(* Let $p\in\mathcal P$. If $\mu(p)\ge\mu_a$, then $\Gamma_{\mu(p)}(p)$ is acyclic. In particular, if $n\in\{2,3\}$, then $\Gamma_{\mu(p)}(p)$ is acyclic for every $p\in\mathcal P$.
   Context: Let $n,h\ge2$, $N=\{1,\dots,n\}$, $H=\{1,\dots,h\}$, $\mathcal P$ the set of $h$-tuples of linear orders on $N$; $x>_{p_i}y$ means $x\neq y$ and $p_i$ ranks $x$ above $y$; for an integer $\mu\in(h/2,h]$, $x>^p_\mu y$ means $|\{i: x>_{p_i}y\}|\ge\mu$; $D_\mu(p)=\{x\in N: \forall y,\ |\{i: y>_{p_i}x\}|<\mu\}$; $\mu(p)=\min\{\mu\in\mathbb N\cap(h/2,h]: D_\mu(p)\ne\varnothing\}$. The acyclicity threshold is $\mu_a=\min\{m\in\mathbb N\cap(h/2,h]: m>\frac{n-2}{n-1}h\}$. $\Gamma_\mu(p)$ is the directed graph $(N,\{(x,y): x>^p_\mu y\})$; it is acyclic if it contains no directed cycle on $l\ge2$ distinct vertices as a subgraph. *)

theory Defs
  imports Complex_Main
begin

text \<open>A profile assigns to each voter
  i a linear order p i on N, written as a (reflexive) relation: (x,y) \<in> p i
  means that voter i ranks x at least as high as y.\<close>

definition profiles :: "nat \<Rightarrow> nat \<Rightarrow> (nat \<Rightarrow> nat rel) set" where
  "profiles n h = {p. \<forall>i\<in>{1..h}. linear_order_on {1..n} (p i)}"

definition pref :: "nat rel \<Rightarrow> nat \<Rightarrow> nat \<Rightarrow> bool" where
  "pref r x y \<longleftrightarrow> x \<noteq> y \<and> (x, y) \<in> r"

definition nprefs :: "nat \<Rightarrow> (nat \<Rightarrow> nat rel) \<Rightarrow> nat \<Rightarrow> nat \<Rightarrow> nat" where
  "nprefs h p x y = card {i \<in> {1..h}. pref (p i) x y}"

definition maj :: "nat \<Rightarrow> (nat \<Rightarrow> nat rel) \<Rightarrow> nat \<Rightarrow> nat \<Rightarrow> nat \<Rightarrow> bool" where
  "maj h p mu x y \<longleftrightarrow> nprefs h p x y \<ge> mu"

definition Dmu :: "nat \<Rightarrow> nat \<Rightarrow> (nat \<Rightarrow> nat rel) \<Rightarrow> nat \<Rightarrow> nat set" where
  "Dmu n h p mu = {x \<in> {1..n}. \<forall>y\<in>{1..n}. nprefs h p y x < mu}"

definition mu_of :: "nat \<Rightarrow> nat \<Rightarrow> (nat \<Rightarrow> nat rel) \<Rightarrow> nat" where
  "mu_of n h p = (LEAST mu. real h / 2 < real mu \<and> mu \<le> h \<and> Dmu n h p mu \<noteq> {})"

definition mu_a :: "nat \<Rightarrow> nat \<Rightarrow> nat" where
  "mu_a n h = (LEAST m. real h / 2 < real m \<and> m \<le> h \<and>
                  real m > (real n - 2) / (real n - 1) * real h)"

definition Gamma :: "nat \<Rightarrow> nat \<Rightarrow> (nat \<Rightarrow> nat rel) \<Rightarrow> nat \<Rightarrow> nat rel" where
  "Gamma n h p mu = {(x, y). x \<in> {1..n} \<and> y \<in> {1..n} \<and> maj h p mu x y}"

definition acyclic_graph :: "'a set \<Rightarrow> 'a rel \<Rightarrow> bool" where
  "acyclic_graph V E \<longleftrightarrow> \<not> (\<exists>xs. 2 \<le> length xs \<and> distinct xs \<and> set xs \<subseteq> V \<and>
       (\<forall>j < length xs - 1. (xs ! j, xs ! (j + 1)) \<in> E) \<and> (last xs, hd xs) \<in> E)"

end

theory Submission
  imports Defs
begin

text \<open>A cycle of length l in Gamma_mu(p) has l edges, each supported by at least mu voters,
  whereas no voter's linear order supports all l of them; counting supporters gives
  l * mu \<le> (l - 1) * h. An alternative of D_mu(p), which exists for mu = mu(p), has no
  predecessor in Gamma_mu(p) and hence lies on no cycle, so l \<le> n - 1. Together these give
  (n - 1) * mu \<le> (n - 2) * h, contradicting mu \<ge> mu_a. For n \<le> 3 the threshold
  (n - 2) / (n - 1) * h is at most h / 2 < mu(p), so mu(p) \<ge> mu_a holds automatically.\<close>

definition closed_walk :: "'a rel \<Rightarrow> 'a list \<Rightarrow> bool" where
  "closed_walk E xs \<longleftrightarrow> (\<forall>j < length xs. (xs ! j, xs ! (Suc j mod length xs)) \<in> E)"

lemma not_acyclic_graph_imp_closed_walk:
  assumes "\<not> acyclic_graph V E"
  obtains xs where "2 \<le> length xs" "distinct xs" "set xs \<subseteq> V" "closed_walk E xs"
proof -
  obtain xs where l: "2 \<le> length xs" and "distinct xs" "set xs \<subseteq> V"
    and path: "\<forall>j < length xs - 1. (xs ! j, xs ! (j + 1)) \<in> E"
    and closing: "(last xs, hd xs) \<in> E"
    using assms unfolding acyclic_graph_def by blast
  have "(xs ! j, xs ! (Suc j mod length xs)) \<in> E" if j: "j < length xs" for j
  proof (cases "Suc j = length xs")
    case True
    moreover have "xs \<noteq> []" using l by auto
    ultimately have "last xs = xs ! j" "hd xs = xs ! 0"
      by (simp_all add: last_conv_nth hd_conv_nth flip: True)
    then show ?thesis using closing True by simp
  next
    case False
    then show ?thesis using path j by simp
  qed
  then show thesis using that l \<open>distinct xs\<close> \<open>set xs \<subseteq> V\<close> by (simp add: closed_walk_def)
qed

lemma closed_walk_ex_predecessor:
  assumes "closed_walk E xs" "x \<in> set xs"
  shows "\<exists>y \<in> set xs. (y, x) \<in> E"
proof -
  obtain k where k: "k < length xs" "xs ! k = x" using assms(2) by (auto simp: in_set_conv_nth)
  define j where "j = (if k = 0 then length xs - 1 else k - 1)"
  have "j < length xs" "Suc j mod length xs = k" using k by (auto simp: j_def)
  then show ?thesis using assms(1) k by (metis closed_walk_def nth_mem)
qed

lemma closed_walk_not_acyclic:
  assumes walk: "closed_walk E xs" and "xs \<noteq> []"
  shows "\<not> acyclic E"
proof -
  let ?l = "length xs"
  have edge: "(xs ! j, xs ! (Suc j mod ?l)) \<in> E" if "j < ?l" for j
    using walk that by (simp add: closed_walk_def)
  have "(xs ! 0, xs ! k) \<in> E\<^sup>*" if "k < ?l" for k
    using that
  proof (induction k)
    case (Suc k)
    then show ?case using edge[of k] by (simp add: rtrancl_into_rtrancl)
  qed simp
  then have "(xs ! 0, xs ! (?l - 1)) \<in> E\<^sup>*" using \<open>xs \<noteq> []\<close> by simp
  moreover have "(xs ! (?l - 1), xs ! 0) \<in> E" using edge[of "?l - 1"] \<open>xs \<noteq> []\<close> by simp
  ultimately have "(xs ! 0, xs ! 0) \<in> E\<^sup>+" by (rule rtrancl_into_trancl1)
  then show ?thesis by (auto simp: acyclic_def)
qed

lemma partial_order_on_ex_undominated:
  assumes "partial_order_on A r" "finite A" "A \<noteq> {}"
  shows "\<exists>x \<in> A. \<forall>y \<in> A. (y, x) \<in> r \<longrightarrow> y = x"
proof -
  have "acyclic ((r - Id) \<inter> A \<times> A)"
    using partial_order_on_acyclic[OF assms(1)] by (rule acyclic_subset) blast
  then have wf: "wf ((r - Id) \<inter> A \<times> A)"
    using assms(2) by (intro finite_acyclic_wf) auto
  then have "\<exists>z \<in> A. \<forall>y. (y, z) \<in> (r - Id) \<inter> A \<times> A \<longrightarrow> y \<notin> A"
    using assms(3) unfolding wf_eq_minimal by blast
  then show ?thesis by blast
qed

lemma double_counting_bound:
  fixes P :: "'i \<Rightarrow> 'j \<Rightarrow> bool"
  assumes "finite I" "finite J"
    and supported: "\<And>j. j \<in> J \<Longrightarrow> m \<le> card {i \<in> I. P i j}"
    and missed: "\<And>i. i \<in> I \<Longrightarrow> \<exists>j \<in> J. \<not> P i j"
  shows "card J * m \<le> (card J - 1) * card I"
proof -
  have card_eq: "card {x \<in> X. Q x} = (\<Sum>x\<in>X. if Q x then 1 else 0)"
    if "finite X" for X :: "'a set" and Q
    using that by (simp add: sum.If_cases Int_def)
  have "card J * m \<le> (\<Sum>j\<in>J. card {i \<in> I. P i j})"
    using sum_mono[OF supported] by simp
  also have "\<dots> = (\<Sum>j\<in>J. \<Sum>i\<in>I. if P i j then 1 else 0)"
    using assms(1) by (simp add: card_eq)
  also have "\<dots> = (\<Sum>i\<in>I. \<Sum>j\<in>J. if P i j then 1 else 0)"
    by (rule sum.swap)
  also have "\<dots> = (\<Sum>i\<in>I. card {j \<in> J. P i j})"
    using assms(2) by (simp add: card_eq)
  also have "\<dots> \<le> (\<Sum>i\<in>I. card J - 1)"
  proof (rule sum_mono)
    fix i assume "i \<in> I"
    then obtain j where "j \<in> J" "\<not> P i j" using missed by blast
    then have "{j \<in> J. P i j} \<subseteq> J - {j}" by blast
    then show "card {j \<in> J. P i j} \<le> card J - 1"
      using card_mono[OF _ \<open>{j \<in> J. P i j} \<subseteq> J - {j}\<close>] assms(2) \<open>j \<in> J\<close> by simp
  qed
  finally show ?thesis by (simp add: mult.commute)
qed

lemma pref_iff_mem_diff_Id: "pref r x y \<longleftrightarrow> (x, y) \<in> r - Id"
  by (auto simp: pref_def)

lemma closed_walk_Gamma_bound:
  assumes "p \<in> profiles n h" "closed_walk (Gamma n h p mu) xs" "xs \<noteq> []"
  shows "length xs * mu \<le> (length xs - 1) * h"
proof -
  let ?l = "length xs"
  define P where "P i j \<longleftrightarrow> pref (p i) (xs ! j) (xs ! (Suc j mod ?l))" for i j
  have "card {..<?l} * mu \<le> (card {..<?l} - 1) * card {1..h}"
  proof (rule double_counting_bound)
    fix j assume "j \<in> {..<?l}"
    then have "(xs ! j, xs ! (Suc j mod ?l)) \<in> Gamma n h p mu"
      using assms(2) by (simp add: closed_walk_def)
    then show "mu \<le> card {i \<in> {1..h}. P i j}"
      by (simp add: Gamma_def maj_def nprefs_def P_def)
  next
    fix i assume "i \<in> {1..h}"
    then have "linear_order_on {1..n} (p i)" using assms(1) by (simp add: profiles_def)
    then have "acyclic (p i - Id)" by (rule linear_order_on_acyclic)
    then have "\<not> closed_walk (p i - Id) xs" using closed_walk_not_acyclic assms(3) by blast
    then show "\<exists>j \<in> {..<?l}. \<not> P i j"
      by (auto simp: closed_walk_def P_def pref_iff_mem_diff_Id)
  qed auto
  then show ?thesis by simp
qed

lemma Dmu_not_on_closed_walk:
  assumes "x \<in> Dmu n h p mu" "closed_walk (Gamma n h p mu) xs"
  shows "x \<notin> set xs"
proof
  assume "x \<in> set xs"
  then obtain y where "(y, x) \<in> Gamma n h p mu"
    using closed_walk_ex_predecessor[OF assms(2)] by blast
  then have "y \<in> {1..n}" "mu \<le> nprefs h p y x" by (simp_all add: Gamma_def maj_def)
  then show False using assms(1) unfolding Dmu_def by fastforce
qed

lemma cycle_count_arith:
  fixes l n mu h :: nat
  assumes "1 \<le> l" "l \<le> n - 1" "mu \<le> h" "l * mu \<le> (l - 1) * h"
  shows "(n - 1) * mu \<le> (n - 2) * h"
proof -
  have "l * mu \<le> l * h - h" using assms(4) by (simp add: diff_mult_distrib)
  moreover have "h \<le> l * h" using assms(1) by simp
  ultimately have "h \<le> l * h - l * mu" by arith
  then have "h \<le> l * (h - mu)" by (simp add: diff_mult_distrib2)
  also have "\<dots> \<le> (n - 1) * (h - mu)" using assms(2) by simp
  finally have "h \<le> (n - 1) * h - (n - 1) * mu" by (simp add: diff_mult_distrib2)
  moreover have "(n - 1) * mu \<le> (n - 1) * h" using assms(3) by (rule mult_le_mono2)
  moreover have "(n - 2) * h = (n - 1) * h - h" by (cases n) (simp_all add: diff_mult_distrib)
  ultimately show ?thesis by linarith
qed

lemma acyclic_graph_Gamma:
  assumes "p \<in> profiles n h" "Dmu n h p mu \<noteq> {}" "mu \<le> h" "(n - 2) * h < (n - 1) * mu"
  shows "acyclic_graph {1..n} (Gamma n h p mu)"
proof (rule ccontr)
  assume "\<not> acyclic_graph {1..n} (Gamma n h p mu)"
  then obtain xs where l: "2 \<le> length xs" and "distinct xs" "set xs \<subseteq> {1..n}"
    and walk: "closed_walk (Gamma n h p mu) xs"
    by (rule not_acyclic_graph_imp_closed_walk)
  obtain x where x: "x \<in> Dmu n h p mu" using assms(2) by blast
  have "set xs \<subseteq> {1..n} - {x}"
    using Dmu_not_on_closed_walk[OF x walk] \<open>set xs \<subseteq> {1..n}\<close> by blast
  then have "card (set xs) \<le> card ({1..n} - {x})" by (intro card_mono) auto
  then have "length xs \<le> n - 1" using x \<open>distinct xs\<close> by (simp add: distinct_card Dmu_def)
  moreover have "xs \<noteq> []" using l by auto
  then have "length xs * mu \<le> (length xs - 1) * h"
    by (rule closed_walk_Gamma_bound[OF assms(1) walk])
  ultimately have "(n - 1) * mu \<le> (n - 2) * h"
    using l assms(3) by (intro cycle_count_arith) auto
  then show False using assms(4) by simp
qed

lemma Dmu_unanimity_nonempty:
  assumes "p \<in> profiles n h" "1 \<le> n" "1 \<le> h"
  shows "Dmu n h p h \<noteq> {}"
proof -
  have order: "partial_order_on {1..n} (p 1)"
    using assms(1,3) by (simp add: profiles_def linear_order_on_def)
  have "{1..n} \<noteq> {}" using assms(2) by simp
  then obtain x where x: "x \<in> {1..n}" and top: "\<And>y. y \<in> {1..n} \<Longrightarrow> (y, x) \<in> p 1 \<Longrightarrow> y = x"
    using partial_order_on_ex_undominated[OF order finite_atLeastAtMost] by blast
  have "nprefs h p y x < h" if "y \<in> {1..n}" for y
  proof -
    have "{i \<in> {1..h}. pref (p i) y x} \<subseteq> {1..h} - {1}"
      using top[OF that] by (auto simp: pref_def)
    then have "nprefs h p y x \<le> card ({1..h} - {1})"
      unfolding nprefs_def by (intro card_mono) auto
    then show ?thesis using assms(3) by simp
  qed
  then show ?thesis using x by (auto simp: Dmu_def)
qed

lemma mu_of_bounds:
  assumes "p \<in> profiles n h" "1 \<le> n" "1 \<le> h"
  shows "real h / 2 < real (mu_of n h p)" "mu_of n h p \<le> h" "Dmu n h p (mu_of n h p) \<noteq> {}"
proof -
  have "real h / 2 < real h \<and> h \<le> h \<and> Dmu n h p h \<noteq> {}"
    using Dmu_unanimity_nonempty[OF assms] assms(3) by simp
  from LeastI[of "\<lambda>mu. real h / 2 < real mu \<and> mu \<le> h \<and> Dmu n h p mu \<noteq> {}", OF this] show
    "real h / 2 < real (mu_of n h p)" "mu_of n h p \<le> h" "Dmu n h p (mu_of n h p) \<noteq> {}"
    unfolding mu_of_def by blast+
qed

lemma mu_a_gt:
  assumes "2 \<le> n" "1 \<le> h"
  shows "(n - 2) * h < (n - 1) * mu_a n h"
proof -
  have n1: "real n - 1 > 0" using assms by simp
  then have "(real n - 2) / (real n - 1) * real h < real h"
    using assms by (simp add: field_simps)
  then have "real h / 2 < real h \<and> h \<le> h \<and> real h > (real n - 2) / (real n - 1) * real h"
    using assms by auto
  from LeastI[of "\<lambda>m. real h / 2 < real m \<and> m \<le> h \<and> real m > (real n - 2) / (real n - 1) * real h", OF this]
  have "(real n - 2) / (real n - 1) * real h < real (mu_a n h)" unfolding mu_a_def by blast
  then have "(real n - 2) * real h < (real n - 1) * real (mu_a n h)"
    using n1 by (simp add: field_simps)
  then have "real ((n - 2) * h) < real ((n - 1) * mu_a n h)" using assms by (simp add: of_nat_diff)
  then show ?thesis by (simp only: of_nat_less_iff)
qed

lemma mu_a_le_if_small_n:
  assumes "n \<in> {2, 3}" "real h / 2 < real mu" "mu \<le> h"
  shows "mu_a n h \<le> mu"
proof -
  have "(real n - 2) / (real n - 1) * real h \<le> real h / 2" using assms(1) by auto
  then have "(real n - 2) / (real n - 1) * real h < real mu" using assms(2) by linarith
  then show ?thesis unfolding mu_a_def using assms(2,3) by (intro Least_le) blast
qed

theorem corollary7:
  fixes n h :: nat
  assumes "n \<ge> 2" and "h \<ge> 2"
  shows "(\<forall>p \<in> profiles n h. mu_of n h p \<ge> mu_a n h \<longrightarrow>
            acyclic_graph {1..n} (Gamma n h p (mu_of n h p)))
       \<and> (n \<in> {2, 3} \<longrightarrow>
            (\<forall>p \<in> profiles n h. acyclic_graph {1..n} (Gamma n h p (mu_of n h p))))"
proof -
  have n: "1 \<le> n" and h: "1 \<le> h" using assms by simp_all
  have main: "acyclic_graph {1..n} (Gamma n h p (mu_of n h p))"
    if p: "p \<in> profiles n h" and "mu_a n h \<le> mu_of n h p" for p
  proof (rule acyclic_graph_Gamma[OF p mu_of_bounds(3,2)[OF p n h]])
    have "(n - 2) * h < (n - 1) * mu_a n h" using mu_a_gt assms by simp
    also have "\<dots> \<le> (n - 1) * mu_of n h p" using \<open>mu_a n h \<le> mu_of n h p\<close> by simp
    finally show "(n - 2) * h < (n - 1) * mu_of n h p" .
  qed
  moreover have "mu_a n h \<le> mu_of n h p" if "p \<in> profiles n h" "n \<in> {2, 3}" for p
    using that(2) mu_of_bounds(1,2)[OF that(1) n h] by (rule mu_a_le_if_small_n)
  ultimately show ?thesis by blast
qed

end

______________________________

PROBLEM =
Output exactly the lines of the records from the first through the one bearing "y \<longleftrightarrow> nprefs", both ends included.

OUTPUT FOR THIS TASK =
(* Let $p\in\mathcal P$. If $\mu(p)\ge\mu_a$, then $\Gamma_{\mu(p)}(p)$ is acyclic. In particular, if $n\in\{2,3\}$, then $\Gamma_{\mu(p)}(p)$ is acyclic for every $p\in\mathcal P$.
   Context: Let $n,h\ge2$, $N=\{1,\dots,n\}$, $H=\{1,\dots,h\}$, $\mathcal P$ the set of $h$-tuples of linear orders on $N$; $x>_{p_i}y$ means $x\neq y$ and $p_i$ ranks $x$ above $y$; for an integer $\mu\in(h/2,h]$, $x>^p_\mu y$ means $|\{i: x>_{p_i}y\}|\ge\mu$; $D_\mu(p)=\{x\in N: \forall y,\ |\{i: y>_{p_i}x\}|<\mu\}$; $\mu(p)=\min\{\mu\in\mathbb N\cap(h/2,h]: D_\mu(p)\ne\varnothing\}$. The acyclicity threshold is $\mu_a=\min\{m\in\mathbb N\cap(h/2,h]: m>\frac{n-2}{n-1}h\}$. $\Gamma_\mu(p)$ is the directed graph $(N,\{(x,y): x>^p_\mu y\})$; it is acyclic if it contains no directed cycle on $l\ge2$ distinct vertices as a subgraph. *)

theory Defs
  imports Complex_Main
begin

text \<open>A profile assigns to each voter
  i a linear order p i on N, written as a (reflexive) relation: (x,y) \<in> p i
  means that voter i ranks x at least as high as y.\<close>

definition profiles :: "nat \<Rightarrow> nat \<Rightarrow> (nat \<Rightarrow> nat rel) set" where
  "profiles n h = {p. \<forall>i\<in>{1..h}. linear_order_on {1..n} (p i)}"

definition pref :: "nat rel \<Rightarrow> nat \<Rightarrow> nat \<Rightarrow> bool" where
  "pref r x y \<longleftrightarrow> x \<noteq> y \<and> (x, y) \<in> r"

definition nprefs :: "nat \<Rightarrow> (nat \<Rightarrow> nat rel) \<Rightarrow> nat \<Rightarrow> nat \<Rightarrow> nat" where
  "nprefs h p x y = card {i \<in> {1..h}. pref (p i) x y}"

definition maj :: "nat \<Rightarrow> (nat \<Rightarrow> nat rel) \<Rightarrow> nat \<Rightarrow> nat \<Rightarrow> nat \<Rightarrow> bool" where
  "maj h p mu x y \<longleftrightarrow> nprefs h p x y \<ge> mu"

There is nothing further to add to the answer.